--- Exercise inputs ---

(* Let $T$ be a rooted binary phylogenetic tree (root of out-degree 2) with leaf set $X$, $|X|\ge 3$, and edge substitution probabilities $p_e\in[0,\tfrac12]$, under the $N_2$ model. Let $y,z\in X$ be two leaves forming a cherry with common parent $w$, and let $p_y,p_z$ be the substitution probabilities of the edges $(w,y)$ and $(w,z)$. Put $$\theta=(1-p_y)(1-p_z)+p_yp_z \quad(\text{the probability that } f(y)=f(z)),\qquad \pi=\frac{p_yp_z}{\theta}.$$ Then $\pi\le\min\{p_y,p_z\}$ and $$RA_{\rm MP}(T)=\theta\cdot RA_{\rm MP}(T'_\pi)+(1-\theta)\cdot RA_{\rm MP}(T'').$$
   Context: A rooted binary phylogenetic tree is a finite tree with a distinguished root vertex $\rho$, all edges directed away from $\rho$, in which $\rho$ has out-degree 2 (such a tree is written $T$) or out-degree 1 (written $\dot T$; the edge at $\rho$ is then called the stem edge), and every other vertex has in-degree 1 and out-degree 0 or 2; vertices of out-degree 0 are leaves, forming the leaf set $X$. Under the Neyman $r$-state model $N_r$ ($r\ge2$) on a state set $\mathcal A$ with $|\mathcal A|=r$, each edge $e$ carries a substitution probability $p_e\in[0,\frac{r-1}{r}]$; given the root state $F(\rho)$, states propagate independently along edges: for an edge $(u,v)$, $F(v)=F(u)$ with probability $1-p_e$, and otherwise $F(v)$ is uniform among the $r-1$ states different from $F(u)$. The character is $f=F|_X$. For a vertex $v$, $p(v)$ is the probability that $F(v)\neq F(\rho)$. Fitch sets: each leaf $x$ gets $\mathrm{FS}(x)=\{f(x)\}$; a vertex $v$ with children $v_1,v_2$ gets $\mathrm{FS}(v_1)\cap\mathrm{FS}(v_2)$ if this is nonempty and $\mathrm{FS}(v_1)\cup\mathrm{FS}(v_2)$ otherwise; a vertex with a single child gets the Fitch set of its child. $\mathrm{FS}(f,T)=\mathrm{FS}(\rho)$, and $\mathrm{MP}(f,T)$ is a state chosen uniformly at random from $\mathrm{FS}(f,T)$. The reconstruction accuracy of maximum parsimony is $RA_{\rm MP}(T)=\mathbb P(\mathrm{MP}(f,T)=\alpha\mid F(\rho)=\alpha)$ (independent of $\alpha$ by symmetry). Vertices of in-degree 1 and out-degree 1 may be suppressed (merging two consecutive edges into one with the composed substitution probability, which leaves the distribution of leaf states unchanged). The tree $T'_\pi$ is obtained from $T$ by deleting the leaves $y,z$ and their incident edges, attaching a new leaf $w'$ to $w$ via an edge $(w,w')$ with substitution probability $\pi$, and suppressing $w$. The tree $T''$ is obtained from $T$ by deleting $y$, $z$, $w$, and all edges incident to them (including the edge into $w$), and suppressing the resulting vertex of in- and out-degree 1 (if the parent of $w$ was the root, the result is a tree whose root has out-degree 1). *)

theory Defs
  imports "HOL-Probability.Probability_Mass_Function"
begin

text \<open>Node p l q r is an internal vertex of out-degree 2
  whose edge to the left child l has substitution probability p and whose edge to the right
  child r has substitution probability q.  Leaves are anonymous (the character is recorded
  positionally, see ctree below).\<close>
datatype tree = Leaf | Node real tree real tree

text \<open>A rooted phylogenetic tree: either the root has out-degree 2 (Rooted, the argument
  is then a Node), or the root has out-degree 1 with a stem edge of the given probability.\<close>
datatype rtree = Rooted tree | Stemmed real tree

fun num_leaves :: "tree \<Rightarrow> nat" where
  "num_leaves Leaf = 1"
| "num_leaves (Node p l q r) = num_leaves l + num_leaves r"

text \<open>All substitution probabilities lie in [0, (r-1)/r] = [0,1/2] (model N_2).\<close>
fun edges_ok :: "tree \<Rightarrow> bool" where
  "edges_ok Leaf = True"
| "edges_ok (Node p l q r) = (0 \<le> p \<and> p \<le> 1/2 \<and> 0 \<le> q \<and> q \<le> 1/2 \<and> edges_ok l \<and> edges_ok r)"

text \<open>States: bool (two states). Along an edge with substitution probability p the state
  changes (to the unique other state) with probability p.\<close>
definition edge_pmf :: "real \<Rightarrow> bool \<Rightarrow> bool pmf" where
  "edge_pmf p a = map_pmf (\<lambda>flip. if flip then \<not> a else a) (bernoulli_pmf p)"

text \<open>A character on the leaves of a tree, recorded on a copy of the tree shape.\<close>
datatype ctree = CLeaf bool | CNode ctree ctree

fun char_pmf :: "tree \<Rightarrow> bool \<Rightarrow> ctree pmf" where
  "char_pmf Leaf a = return_pmf (CLeaf a)"
| "char_pmf (Node p l q r) a =
     bind_pmf (edge_pmf p a) (\<lambda>b. bind_pmf (edge_pmf q a) (\<lambda>c.
     bind_pmf (char_pmf l b) (\<lambda>f. bind_pmf (char_pmf r c) (\<lambda>g. return_pmf (CNode f g)))))"

fun root_char_pmf :: "rtree \<Rightarrow> bool \<Rightarrow> ctree pmf" where
  "root_char_pmf (Rooted t) a = char_pmf t a"
| "root_char_pmf (Stemmed p t) a = bind_pmf (edge_pmf p a) (char_pmf t)"

text \<open>Fitch set at the top vertex (a vertex with a single child, i.e. the root of a stemmed
  tree, inherits the Fitch set of its child, so this is also FS(f,T) for Stemmed trees).\<close>
fun fitch :: "ctree \<Rightarrow> bool set" where
  "fitch (CLeaf b) = {b}"
| "fitch (CNode f g) = (if fitch f \<inter> fitch g \<noteq> {} then fitch f \<inter> fitch g else fitch f \<union> fitch g)"

definition mp_prob :: "bool set \<Rightarrow> bool \<Rightarrow> real" where
  "mp_prob S a = (if a \<in> S then 1 / real (card S) else 0)"

text \<open>Reconstruction accuracy P(MP(f,T) = \<alpha> | F(\<rho>) = \<alpha>).\<close>
definition RA_MP :: "rtree \<Rightarrow> bool \<Rightarrow> real" where
  "RA_MP T \<alpha> = measure_pmf.expectation (root_char_pmf T \<alpha>) (\<lambda>f. mp_prob (fitch f) \<alpha>)"

text \<open>One-hole contexts: the path from the root down to a vertex u.  In CL p c q t the hole
  lies in the left subtree, reached via an edge of probability p.\<close>
datatype ctx = Hole | CL real ctx real tree | CR real tree real ctx

fun plug :: "ctx \<Rightarrow> tree \<Rightarrow> tree" where
  "plug Hole s = s"
| "plug (CL p c q t) s = Node p (plug c s) q t"
| "plug (CR p t q c) s = Node p t q (plug c s)"

text \<open>Composition of two consecutive edges under N_2 (suppressing a degree-2 vertex).\<close>
definition sub_comp :: "real \<Rightarrow> real \<Rightarrow> real" where
  "sub_comp p q = p + q - 2 * p * q"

---

Search the lines above for the string "bool" and copy each line that has it.

* Response for this exercise *
fun edges_ok :: "tree \<Rightarrow> bool" where
text \<open>States: bool (two states). Along an edge with substitution probability p the state
definition edge_pmf :: "real \<Rightarrow> bool \<Rightarrow> bool pmf" where
datatype ctree = CLeaf bool | CNode ctree ctree
fun char_pmf :: "tree \<Rightarrow> bool \<Rightarrow> ctree pmf" where
fun root_char_pmf :: "rtree \<Rightarrow> bool \<Rightarrow> ctree pmf" where
fun fitch :: "ctree \<Rightarrow> bool set" where
definition mp_prob :: "bool set \<Rightarrow> bool \<Rightarrow> real" where
definition RA_MP :: "rtree \<Rightarrow> bool \<Rightarrow> real" where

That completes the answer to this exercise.